Кончиками пальцев я приподняла краешек пергамента, в который был завернут подарок. В лунном свете блеснула темно-синяя эмаль – такая же синяя, как глаза Джона. Но мне был не нужен свет – я и так отлично помнила синий эмалевый браслет, прямоугольный перламутровый циферблат, увенчанную крошечным сапфиром заводную головку, черные цифры и стрелки, а на самом верху, под цифрой «XII» – выведенное крошечными буквами название фирмы-производителя: «Картье». Такими я запомнила мамины часы, и такими они остались – старые и в то же время новые, словно в первый раз увиденные.
– Переверни, – негромко сказал Джон.
От холода мои пальцы онемели и почти ничего не чувствовали, поэтому я действовала очень медленно и осторожно, боясь уронить часы. На задней крышке было что-то выгравировано – какие-то слова. Раньше их не было… или были? Я прищурилась, но так и не сумела разобрать затейливые буквы.
– Здесь слишком темно, – пожаловалась я. – Что там написано?
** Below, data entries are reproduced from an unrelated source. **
text \<open>
  The maintenance consumption \<open>cm\<close> equals its own habit, while every admissible \<open>c\<close> lies
  above its habit. The habit is a Volterra operator whose kernel \<open>\<epsilon> exp (\<eta> (u - t)) \<le> \<epsilon>\<close>
  lives on a window of length \<open>\<tau>\<close>, so a Gronwall iteration on \<open>max 0 (cm - c)\<close> gives
  \<open>cm \<le> c\<close>: the maintenance path is the least admissible consumption. As capital is antitone
  in consumption, the admissible set is nonempty iff \<open>cm\<close> keeps its capital \<open>kM\<close> nonnegative.

  For (ii), positive mass of \<open>c0\<close> bounds every admissible \<open>c\<close> from below on \<open>[0, \<tau>]\<close>.
  The exponential \<open>a exp (\<lambda>\<^sub>0 t)\<close> equals its own habit from time \<open>\<tau>\<close> on, so the same
  comparison gives \<open>c t \<ge> a exp (\<lambda>\<^sub>0 t)\<close>; when \<open>\<lambda>\<^sub>0 \<ge> A - \<delta>\<close> such consumption outruns
  the return on capital and drives capital negative.
\<close>

section \<open>Set integrals on the real line\<close>

lemma set_integrable_mult_bounded:
  fixes f g :: "real \<Rightarrow> real"
  assumes f: "set_integrable lborel S f" and g: "g \<in> borel_measurable lborel"
    and bound: "\<And>x. x \<in> S \<Longrightarrow> \<bar>g x\<bar> \<le> B"
  shows "set_integrable lborel S (\<lambda>x. f x * g x)"
  unfolding set_integrable_def
proof (rule Bochner_Integration.integrable_bound)
  show "integrable lborel (\<lambda>x. B * (indicator S x *\<^sub>R f x))"
    using f by (simp add: set_integrable_def)
  have "(\<lambda>x. (indicator S x *\<^sub>R f x) * g x) \<in> borel_measurable lborel"
    using borel_measurable_integrable f g unfolding set_integrable_def by measurable
  then show "(\<lambda>x. indicator S x *\<^sub>R (f x * g x)) \<in> borel_measurable lborel"
    by (simp add: mult.assoc)
  show "AE x in lborel. norm (indicator S x *\<^sub>R (f x * g x)) \<le> norm (B * (indicator S x *\<^sub>R f x))"
  proof (intro AE_I2)
    fix x
    show "norm (indicator S x *\<^sub>R (f x * g x)) \<le> norm (B * (indicator S x *\<^sub>R f x))"
    proof (cases "x \<in> S")
      case True
      then have "\<bar>f x\<bar> * \<bar>g x\<bar> \<le> \<bar>f x\<bar> * \<bar>B\<bar>"
        using bound by (intro mult_left_mono) force+
      then show ?thesis using True by (simp add: abs_mult mult.commute)
    qed simp
  qed
qed

lemma set_integrable_mult_exp_decay:
  fixes f :: "real \<Rightarrow> real"
  assumes "set_integrable lborel S f" "\<And>u. u \<in> S \<Longrightarrow> u \<le> t" "0 \<le> \<eta>"
  shows "set_integrable lborel S (\<lambda>u. f u * exp (\<eta> * (u - t)))"
  using assms by (intro set_integrable_mult_bounded[where B = 1])
    (auto simp: mult_nonneg_nonpos)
Джон посмотрел мне прямо в глаза.
– Там написано: «Я буду любить тебя вечно», – сказал он. – Твоя мама заказала эту гравировку незадолго до… до своей смерти. Наверное, она собиралась подарить их тебе, когда ты станешь постарше. Помнишь, ты рассказывала мне про мамины часы, с которыми любила играть в детстве? Я спросил про них у твоей тети, и она ответила, что часы до сих пор у нее. И еще она сказала, что сейчас самый подходящий момент, чтобы подарить их тебе. Я заменил только несколько шестеренок и стекло, а так это те же самые часы.
Он снова улыбнулся, но как-то смущенно и неловко, и я почувствовала, как что-то кольнуло меня в самое сердце. Приподнявшись на цыпочки, я поцеловала его в щеку.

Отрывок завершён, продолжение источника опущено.